栄養素の一つに「炭水化物」というものがあります。炭水化物はいわゆる「糖分」の事であり、脳や筋肉などを動かすためのエネルギー源として主に使われています。そのため糖が不足すると脳や筋肉の活動は著しく低下してしまうでしょう。エネルギー不足といえば「運動でのスタミナ切れ」をイメージすると思いますが、実は激しい運動や繊細な動きを要求されるスポーツでは脳も疲労しているのです。

糖には様々な種類がありますが、その中でも「ブドウ糖」は最も単純な構造をしており、非常に吸収が速いという特徴があります。よって脳がつかれた時にエネルギー補給としてその場で速やかに吸収する事ができます。吸収が速いので血糖値が急激に上がりやすいというリスクはありますが、ブドウ糖は一時的に筋肉内に蓄える事ができます。使い切れなかった糖は時間が経つと脂肪へ変換されてしまいますが、運動習慣があって筋肉量が多い人では例え急激に血糖値が上がっても、その糖を無駄なく利用する事ができます。すなわち糖の蓄積=脂肪の蓄積を抑える事ができるのです。

ブドウ糖を得られる食品としては「砂糖(加工していない粉のまま)」が代表的です。その他ではお米、パン、麺、芋、お菓子などでもブドウ糖は得られるのですが、ブドウ糖の形に分解するまでに時間がかかるため、砂糖と比べると吸収は緩やかな傾向にあります。緩やかという事は血糖値が急激に上がらないというメリットももちろんあるのですが、疲労回復という意味ではブドウ糖の方が圧倒的に効果的ですし、消費しきれなかった糖が蓄積する事ではいずれにしろ肥満に繋がる事に変わりはありません。

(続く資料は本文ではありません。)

(* Let $X,Y$ be finite sets. (1) For filtrations $F_X,F_Y$ over $X,Y$, $d_{\mathrm{B}}(\mathbf{mgm}(F_X),\mathbf{mgm}(F_Y))\leq d_{\mathrm{T}}(F_X,F_Y)$. (2) For phylogenetic networks $N_X,N_Y$ over $X,Y$ with Vietoris–Rips filtrations $\mathbf{VR}_X,\mathbf{VR}_Y$, $d_{\mathrm{B}}(\mathbf{mgm}(\mathbf{VR}_X),\mathbf{mgm}(\mathbf{VR}_Y))\leq d_{\mathrm{GH}}((X,N_X),(Y,N_Y))$.
   Context: Filtration over $X$: order-preserving $F_X$ from nonempty subsets of $X$ (under inclusion) to $\mathbb{R}$. Mergegram $\mathbf{mgm}(F_X)$: multiset of the nonempty intervals $I_\sigma=[F_X(\sigma),\min_{\sigma\subsetneq\tau\subset X}F_X(\tau))$ ($\min\emptyset=\infty$), one per nonempty $\sigma\subset X$. Bottleneck distance $d_{\mathrm{B}}$ between multisets of intervals $[a,b)$ ($b\in\mathbb{R}\cup\{\infty\}$): infimum of $\varepsilon$ admitting a partial bijection with matched endpoints differing by at most $\varepsilon$ in each coordinate ($|\infty-\infty|=0$) and unmatched intervals of length at most $2\varepsilon$. Pullback along a surjection $\varphi:Z\twoheadrightarrow X$: $\varphi^*F_X(\kappa)=F_X(\varphi(\kappa))$. Tripod distance: $d_{\mathrm{T}}(F_X,F_Y):=\inf\max_{\emptyset\neq\kappa\subset Z}|\varphi_X^*F_X(\kappa)-\varphi_Y^*F_Y(\kappa)|$ over finite sets $Z$ and surjections $\varphi_X:Z\twoheadrightarrow X$, $\varphi_Y:Z\twoheadrightarrow Y$. A phylogenetic network over $X$ is $N_X:X\times X\to\mathbb{R}$, symmetric, with $\max\{N_X(x,x),N_X(x',x')\}\leq N_X(x,x')$; $\mathbf{VR}_X(\sigma):=\max_{x,x'\in\sigma}N_X(x,x')$. $d_{\mathrm{GH}}((X,N_X),(Y,N_Y)):=\inf\max_{z,z'\in Z}|N_X(\varphi_X(z),\varphi_X(z'))-N_Y(\varphi_Y(z),\varphi_Y(z'))|$ over the same tripods. *)

theory Defs
  imports Complex_Main "HOL-Library.Multiset" "HOL-Library.Extended_Real"
begin
(* Let $G$ be a finite two-player zero-sum game with finite pure strategy sets $S_1,S_2$ and payoffs $v_1=-v_2$, extended bilinearly to mixed strategies. Run Anytime Double Oracle (ADO) from nonempty initial populations $\Pi^0_1\subseteq S_1$, $\Pi^0_2\subseteq S_2$: at each iteration $t$, for each $i\in\{1,2\}$ let $\pi^r_i$ be player $i$'s Nash equilibrium strategy in the restricted game $G^i$, in which player $i$ may only play mixed strategies supported on $\Pi^t_i$ while player $-i$ may play any mixed strategy in $\Delta(S_{-i})$ (i.e. $\pi^r_i\in\arg\max_{\sigma_i\in\Delta(\Pi^t_i)}\min_{\sigma_{-i}\in\Delta(S_{-i})}v_i(\sigma_i,\sigma_{-i})$); then for each $i$ add to $\Pi^t_i$ a pure best response of player $i$ to $\pi^r_{-i}$, chosen outside $\Pi^t_i$ whenever possible. ADO terminates at an iteration $t$ at which, for neither player $i\in\{1,2\}$, there exists a pure best response to $\pi^r_{-i}$ that is not in $\Pi^t_i$. Then, when ADO terminates, the profile $(\pi^r_1,\pi^r_2)$ is a Nash equilibrium of the full game $G$.
   Context: $\Delta(X)$ denotes the set of mixed strategies supported on the set $X$ of pure strategies. A best response of player $i$ to $\pi_{-i}$ is a strategy maximizing $v_i(\cdot,\pi_{-i})$ over all strategies of player $i$ in the full game. A Nash equilibrium of $G$ is a profile $(\pi_1,\pi_2)$ such that for each $i$, $v_i(\pi_i,\pi_{-i})=\max_{\pi_i'}v_i(\pi_i',\pi_{-i})$. *)

theory Defs
  imports Complex_Main
begin

definition mixed :: "'a set \<Rightarrow> ('a \<Rightarrow> real) \<Rightarrow> bool" where
  "mixed X \<sigma> \<longleftrightarrow> (\<forall>x. 0 \<le> \<sigma> x) \<and> (\<forall>x. x \<notin> X \<longrightarrow> \<sigma> x = 0) \<and> sum \<sigma> X = 1"

definition pure :: "'a \<Rightarrow> ('a \<Rightarrow> real)" where
  "pure s = (\<lambda>x. if x = s then 1 else 0)"

definition v1 :: "'a set \<Rightarrow> 'b set \<Rightarrow> ('a \<Rightarrow> 'b \<Rightarrow> real) \<Rightarrow> ('a \<Rightarrow> real) \<Rightarrow> ('b \<Rightarrow> real) \<Rightarrow> real" where
  "v1 S1 S2 u \<sigma>1 \<sigma>2 = (\<Sum>x\<in>S1. \<Sum>y\<in>S2. \<sigma>1 x * \<sigma>2 y * u x y)"

definition v2 :: "'a set \<Rightarrow> 'b set \<Rightarrow> ('a \<Rightarrow> 'b \<Rightarrow> real) \<Rightarrow> ('b \<Rightarrow> real) \<Rightarrow> ('a \<Rightarrow> real) \<Rightarrow> real" where
  "v2 S1 S2 u \<sigma>2 \<sigma>1 = - v1 S1 S2 u \<sigma>1 \<sigma>2"

text \<open>Nash-equilibrium strategy of the restricted player in the restricted game G^i:
  pi in argmax over Delta(P) of min over Delta(T) of v(sigma, tau), where v is the player's payoff
  (own strategy first), P the player's population, T the opponent's full pure strategy set.\<close>
definition restricted_eq_strategy ::
  "('c \<Rightarrow> real) \<Rightarrow> 'c set \<Rightarrow> 'd set \<Rightarrow> (('c \<Rightarrow> real) \<Rightarrow> ('d \<Rightarrow> real) \<Rightarrow> real) \<Rightarrow> bool" where
  "restricted_eq_strategy \<pi> P T v \<longleftrightarrow> mixed P \<pi> \<and>
     (\<forall>\<sigma>. mixed P \<sigma> \<longrightarrow>
        (INF \<tau>\<in>{\<tau>. mixed T \<tau>}. v \<sigma> \<tau>) \<le> (INF \<tau>\<in>{\<tau>. mixed T \<tau>}. v \<pi> \<tau>))"

definition pure_best_response ::
  "'c \<Rightarrow> 'c set \<Rightarrow> (('c \<Rightarrow> real) \<Rightarrow> ('d \<Rightarrow> real) \<Rightarrow> real) \<Rightarrow> ('d \<Rightarrow> real) \<Rightarrow> bool" where
  "pure_best_response s S v \<tau> \<longleftrightarrow> s \<in> S \<and> (\<forall>\<sigma>. mixed S \<sigma> \<longrightarrow> v \<sigma> \<tau> \<le> v (pure s) \<tau>)"

definition nash_eq ::
  "'a set \<Rightarrow> 'b set \<Rightarrow> ('a \<Rightarrow> 'b \<Rightarrow> real) \<Rightarrow> ('a \<Rightarrow> real) \<Rightarrow> ('b \<Rightarrow> real) \<Rightarrow> bool" where
  "nash_eq S1 S2 u \<pi>1 \<pi>2 \<longleftrightarrow> mixed S1 \<pi>1 \<and> mixed S2 \<pi>2 \<and>
     (\<forall>\<sigma>1. mixed S1 \<sigma>1 \<longrightarrow> v1 S1 S2 u \<sigma>1 \<pi>2 \<le> v1 S1 S2 u \<pi>1 \<pi>2) \<and>
     (\<forall>\<sigma>2. mixed S2 \<sigma>2 \<longrightarrow> v2 S1 S2 u \<sigma>2 \<pi>1 \<le> v2 S1 S2 u \<pi>2 \<pi>1)"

ちなみにブドウ糖を摂るべき量としては、勉強や運動などで脳の疲労を感じた時に「スプーン一杯」で十分と言われています。脳は睡眠以外では常に活動しておりエネルギー消費も大きいのですが、必要だからと言って糖を摂り過ぎるのも逆に健康を害するだけ(ブドウ糖による急激な血糖値の変化が頻繁に起こると糖尿病のリスクが増す事になる)です。よって「摂るべき糖の種類をブドウ糖にする」あるいは「糖の種類に関係なく糖の量を制限する」事よりも、まずは「運動習慣」が必要になります。それによって「糖を摂る理由を作る」事が重要です。


脳を休めるのはブドウ糖ではなく睡眠

昼寝.png脳は睡眠に入っていない限り常に起きている状態であり、例えボーっとしている時でも体温を調節したり、内蔵を働かせたりするためにも活動しています。しかしその脳を休めるために必要な睡眠でさえも、実は浅い眠りの「レム睡眠」では脳が活動(記憶の整理など)しているので、実質脳は深い眠りの「ノンレム睡眠」の時以外はほとんど休まずに働いています。睡眠が身長の伸びに大きく関係するのは、脳を休める効果的な方法が「ノンレム睡眠だけしかない」からです。参考記事→睡眠の質について身長を伸ばすためには十分な睡眠時間が必要

脳は自分の意志で体を動かす運動はもちろんですが、様々なホルモン分泌や体温調節などの「自分ではコントロールする事ができない機能」も司っています。身長を伸ばすという点で言えば「成長ホルモンの分泌」もそうですね。睡眠習慣が崩れて脳が休めなくなれば、そういったホルモンの分泌が狂う事があります。そのような状態でブドウ糖が不足すると、脳がコントロールしている内臓も上手く働かなくなるので、せっかく摂った栄養素も効率良く吸収する事ができなくなります。それが成長期、特に思春期前後において起これば当然身長の伸びも悪くなってしまうでしょう。参考記事→自律神経を働かせる事


炭水化物(糖)にある「太る」というイメージについて

ダイエット4.jpg「炭水化物を摂る=太る」というイメージがある人も多いかもしれません。しかし炭水化物は「五大栄養素」の一つに数えられており、身長を伸ばす伸ばさない以前に健康を維持するためにも体に必要不可欠な栄養素なのです。何故健康を維持するために糖が必要なのかというと、これは前述した通り糖が脳や筋肉を動かすために必要なエネルギー源となるからです。特に近年では食事において炭水化物だけを制限する「炭水化物抜きダイエット」というのが流行していますが、炭水化物を抜くと脳や筋肉の活動は鈍くなります。すなわちこのダイエットは「運動をしたくないから」という理由を作るために行うダイエットになってしまっているのです。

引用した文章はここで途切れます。